» ASSIGNED TASK: Every line of the records that holds the word "moreover" should be copied.

[Collected data]

_ _ _ _ _

lemma sum_supp_from_susp:
  assumes fin: "finite (supp q)"
  shows "sum (from_susp x q) (supp (from_susp x q)) = sum q (supp q)"
proof -
  let ?g = "from_susp x q"
  have old: "?g (Old w) \<noteq> 0 \<longleftrightarrow> w \<noteq> x \<and> q (SV w) \<noteq> 0" for w
    by (simp add: from_susp_def)
  have "{v. v \<noteq> x \<and> ?g (Old v) \<noteq> 0} = {v. v \<noteq> x \<and> q (SV v) \<noteq> 0}" by (auto simp: old)
  then have "sum ?g (supp ?g)
      = (\<Sum>v | v \<noteq> x \<and> q (SV v) \<noteq> 0. ?g (Old v)) + ?g (Old x) + ?g Ny + ?g Na + ?g Nb + ?g Nz"
    using sum_supp_lv[OF finite_supp_from_susp[OF fin], where x=x] by simp
  also have "(\<Sum>v | v \<noteq> x \<and> q (SV v) \<noteq> 0. ?g (Old v)) = (\<Sum>v | v \<noteq> x \<and> q (SV v) \<noteq> 0. q (SV v))"
    by (rule sum.cong) (auto simp: from_susp_def)
  also have "\<dots> + ?g (Old x) + ?g Ny + ?g Na + ?g Nb + ?g Nz = sum q (supp q)"
    using sum_supp_susp[OF fin, of x] from_susp_mass[of x q] old[of x] by fastforce
  finally show ?thesis .
qed

lemma sharpen_in_realization:
  assumes p: "p \<in> realization (Ind (lozin_V V x) (lozin_E V E x Y Z))"
  shows "sharpen p \<in> realization (Ind (lozin_V V x) (lozin_E V E x Y Z))"
proof -
  have nonneg: "\<And>u. 0 \<le> p u" and fin: "finite (supp p)" and mass: "sum p (supp p) = 1"
    and face: "supp p \<in> Ind (lozin_V V x) (lozin_E V E x Y Z)"
    using p by (auto simp: realization_Ind_iff)
  have supp_h: "supp (sharpen p) \<subseteq> supp p" by (rule supp_sharpen[OF nonneg nonneg])
  then have fin_h: "finite (supp (sharpen p))" using fin by (rule finite_subset)
  have "sum (sharpen p) (supp (sharpen p)) = sum p (supp p)"
    using sum_supp_lv[OF fin_h, of x] sum_supp_lv[OF fin, of x] sharpen_mass[of p]
    by (simp add: sharpen_def)
  then show ?thesis
    using fin_h mass Ind_downward_closed[OF face supp_h] sharpen_nonneg[of p, OF nonneg]
    by (simp add: realization_Ind_iff)
qed

lemma sharpen_homotopic_id:
  "homotopic_with_canon (\<lambda>_. True) (realization (Ind (lozin_V V x) (lozin_E V E x Y Z)))
     (realization (Ind (lozin_V V x) (lozin_E V E x Y Z))) sharpen id"
proof (rule homotopic_in_realization[OF continuous_on_sharpen continuous_on_id'])
  fix p assume p: "p \<in> realization (Ind (lozin_V V x) (lozin_E V E x Y Z))"
  then show "sharpen p \<in> realization (Ind (lozin_V V x) (lozin_E V E x Y Z))"
    by (rule sharpen_in_realization)
  from p have "supp p \<in> Ind (lozin_V V x) (lozin_E V E x Y Z)" "finite (supp p)" "\<And>u. 0 \<le> p u"
    by (auto simp: realization_Ind_iff)
  with supp_sharpen[of p] show "\<exists>\<sigma>\<in>Ind (lozin_V V x) (lozin_E V E x Y Z). finite \<sigma> \<and>
      supp (sharpen p) \<union> supp (id p) \<subseteq> \<sigma>"
    by auto
qed simp

context
  fixes V :: "'a set" and E :: "'a \<Rightarrow> 'a \<Rightarrow> bool" and x :: 'a and Y Z :: "'a set"
  assumes graph: "simple_graph V E" and x_in_V: "x \<in> V" and nbhd_x: "Y \<union> Z = nbhd V E x"
begin

lemma supp_to_susp_in_suspension:
  assumes p: "p \<in> realization (Ind (lozin_V V x) (lozin_E V E x Y Z))"
  shows "supp (to_susp x p) \<in> suspension (Ind V E)"
proof -
  let ?f = "to_susp x p"
  have nonneg: "\<And>u. 0 \<le> p u" using p by (simp add: realization_Ind_iff)
  note pD = realization_lozinD[OF p]
  have SV_f: "?f (SV w) = (if w = x then 2 * min (p Ny) (p Nz) else p (Old w))" for w
    by (simp add: to_susp_def)
  have x_free: "\<not> E x w" if "?f (SV x) \<noteq> 0" "p (Old w) \<noteq> 0" for w
  proof
    assume "E x w"
    with pD(4)[OF that(2)] nbhd_x have "w \<in> Y \<union> Z" by (auto simp: nbhd_def)
    moreover have "p Ny \<noteq> 0" "p Nz \<noteq> 0" by (fact to_susp_apex[OF nonneg nonneg that(1)])+
    ultimately show False using pD(6,7) that(2) by blast
  qed
  have E_sym: "E u w \<Longrightarrow> E w u" and E_irrefl: "\<not> E u u" for u w
    using graph by (auto simp: simple_graph_def)
  have "{w. SV w \<in> supp ?f} \<in> Ind V E"
    unfolding Ind_def
  proof (intro CollectI conjI ballI)
    show "{w. SV w \<in> supp ?f} \<subseteq> V"
      using x_in_V pD(4) by (auto simp: supp_def SV_f split: if_splits)
    fix u w assume "u \<in> {w. SV w \<in> supp ?f}" "w \<in> {w. SV w \<in> supp ?f}"
    then have u: "?f (SV u) \<noteq> 0" and w: "?f (SV w) \<noteq> 0" by (auto simp: supp_def)
    show "\<not> E u w"
    proof (cases "u = x"; cases "w = x")
      assume "u \<noteq> x" "w \<noteq> x"
      then show ?thesis using u w pD(5) by (simp add: SV_f)
    next
      assume "u = x" "w \<noteq> x"
      then show ?thesis using u w x_free by (simp add: SV_f)
    next
      assume "u \<noteq> x" "w = x"
      then show ?thesis using u w x_free E_sym by (metis SV_f)
    qed (simp add: E_irrefl)
  qed
  moreover have "\<not> (North \<in> supp ?f \<and> South \<in> supp ?f)"
    using to_susp_poles[of p x] nonneg pD(1-3) by (auto simp: supp_def)
  ultimately show ?thesis by (simp add: mem_suspension_iff)
qed

lemma supp_from_susp_in_Ind_lozin:
  assumes q: "q \<in> realization (suspension (Ind V E))"
  shows "supp (from_susp x q) \<in> Ind (lozin_V V x) (lozin_E V E x Y Z)"
proof -
  let ?g = "from_susp x q"
  have nonneg: "\<And>u. 0 \<le> q u" using q by (simp add: realization_suspension_Ind_iff)
  note qD = realization_suspensionD[OF q]
  have old: "?g (Old w) \<noteq> 0 \<longleftrightarrow> w \<noteq> x \<and> q (SV w) \<noteq> 0" for w
    by (simp add: from_susp_def)
  have "supp ?g \<subseteq> lozin_V V x"
  proof
    fix v assume "v \<in> supp ?g"
    then show "v \<in> lozin_V V x"
      using qD(2) by (cases v) (auto simp: supp_def lozin_V_def old)
  qed
  moreover have "\<not> E v w" if "?g (Old v) \<noteq> 0" "?g (Old w) \<noteq> 0" for v w
    using qD(3) that by (simp add: old)
  moreover have "?g Ny = 0 \<and> ?g Nz = 0" if "v \<in> Y \<union> Z" "?g (Old v) \<noteq> 0" for v
  proof -
    have "E x v" using nbhd_x that(1) by (auto simp: nbhd_def)
    then show ?thesis
      using qD(3)[of x v] from_susp_ends[OF nonneg nonneg nonneg qD(1)] that(2) by (auto simp: old)
  qed
  ultimately show ?thesis
    unfolding Ind_lozin_iff using from_susp_path[OF nonneg nonneg nonneg qD(1)]
    by (auto simp: supp_def)
qed

lemma to_susp_in_realization:
  assumes p: "p \<in> realization (Ind (lozin_V V x) (lozin_E V E x Y Z))"
  shows "to_susp x p \<in> realization (suspension (Ind V E))"
proof -
  have nonneg: "\<And>u. 0 \<le> p u" and fin: "finite (supp p)" and mass: "sum p (supp p) = 1"
    using p by (auto simp: realization_Ind_iff)
  have "p (Old x) = 0" using realization_lozinD(4)[OF p, of x] by blast
  then show ?thesis
    using supp_to_susp_in_suspension[OF p] finite_supp_to_susp[OF fin] sum_supp_to_susp[OF fin]
      mass to_susp_nonneg[of p, OF nonneg]
    by (simp add: realization_suspension_Ind_iff)
qed

lemma from_susp_in_realization:
  assumes q: "q \<in> realization (suspension (Ind V E))"
  shows "from_susp x q \<in> realization (Ind (lozin_V V x) (lozin_E V E x Y Z))"
proof -
  have nonneg: "\<And>u. 0 \<le> q u" and fin: "finite (supp q)" and mass: "sum q (supp q) = 1"
    using q by (auto simp: realization_suspension_Ind_iff)
  then show ?thesis
    using supp_from_susp_in_Ind_lozin[OF q] finite_supp_from_susp[OF fin] sum_supp_from_susp[OF fin]
      from_susp_nonneg[of q, OF nonneg]
    by (simp add: realization_Ind_iff)
qed

lemma from_to_susp_homotopic_sharpen:
  "homotopic_with_canon (\<lambda>_. True) (realization (Ind (lozin_V V x) (lozin_E V E x Y Z)))
     (realization (Ind (lozin_V V x) (lozin_E V E x Y Z))) (from_susp x \<circ> to_susp x) sharpen"
proof (rule homotopic_in_realization)
  show "continuous_on S (from_susp x \<circ> to_susp x)" for S
    by (rule continuous_on_compose[OF continuous_on_to_susp continuous_on_from_susp])
  fix p assume p: "p \<in> realization (Ind (lozin_V V x) (lozin_E V E x Y Z))"
  show gf: "(from_susp x \<circ> to_susp x) p \<in> realization (Ind (lozin_V V x) (lozin_E V E x Y Z))"
    using from_susp_in_realization[OF to_susp_in_realization[OF p]] by simp
  show h: "sharpen p \<in> realization (Ind (lozin_V V x) (lozin_E V E x Y Z))"
    by (rule sharpen_in_realization[OF p])
  have nonneg: "\<And>u. 0 \<le> p u" and face: "supp p \<in> Ind (lozin_V V x) (lozin_E V E x Y Z)"
    using p by (auto simp: realization_Ind_iff)
  note U = supp_from_to_susp_sharpen[OF nonneg nonneg nonneg nonneg realization_lozinD(1-3)[OF p]]
  have "supp (from_susp x (to_susp x p)) \<union> supp (sharpen p) \<in> Ind (lozin_V V x) (lozin_E V E x Y Z)"
    by (rule Ind_lozin_change_middle[OF face U])
  moreover have "finite (supp (from_susp x (to_susp x p)) \<union> supp (sharpen p))"
    using gf h by (simp add: realization_Ind_iff)
  ultimately show "\<exists>\<sigma>\<in>Ind (lozin_V V x) (lozin_E V E x Y Z). finite \<sigma> \<and>
      supp ((from_susp x \<circ> to_susp x) p) \<union> supp (sharpen p) \<subseteq> \<sigma>"
    by auto
qed (rule continuous_on_sharpen)

lemma to_from_susp_homotopic_id:
  "homotopic_with_canon (\<lambda>_. True) (realization (suspension (Ind V E)))
     (realization (suspension (Ind V E))) (to_susp x \<circ> from_susp x) id"
proof (rule homotopic_in_realization[OF _ continuous_on_id'])
  show "continuous_on S (to_susp x \<circ> from_susp x)" for S
    by (rule continuous_on_compose[OF continuous_on_from_susp continuous_on_to_susp])
  fix q assume q: "q \<in> realization (suspension (Ind V E))"
  then show "(to_susp x \<circ> from_susp x) q \<in> realization (suspension (Ind V E))"
    using to_susp_in_realization[OF from_susp_in_realization] by simp
  from q have "supp q \<in> suspension (Ind V E)" "finite (supp q)" "\<And>u. 0 \<le> q u"
    by (auto simp: realization_suspension_Ind_iff)
  with supp_to_susp_from_susp[of q x] realization_suspensionD(1)[OF q]
  show "\<exists>\<sigma>\<in>suspension (Ind V E). finite \<sigma> \<and> supp ((to_susp x \<circ> from_susp x) q) \<union> supp (id q) \<subseteq> \<sigma>"
    by auto
qed simp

_ _ _ _ _

» FINISHED EXERCISE:
    moreover have "p Ny \<noteq> 0" "p Nz \<noteq> 0" by (fact to_susp_apex[OF nonneg nonneg that(1)])+
  moreover have "\<not> (North \<in> supp ?f \<and> South \<in> supp ?f)"
  moreover have "\<not> E v w" if "?g (Old v) \<noteq> 0" "?g (Old w) \<noteq> 0" for v w
  moreover have "?g Ny = 0 \<and> ?g Nz = 0" if "v \<in> Y \<union> Z" "?g (Old v) \<noteq> 0" for v
  moreover have "finite (supp (from_susp x (to_susp x p)) \<union> supp (sharpen p))"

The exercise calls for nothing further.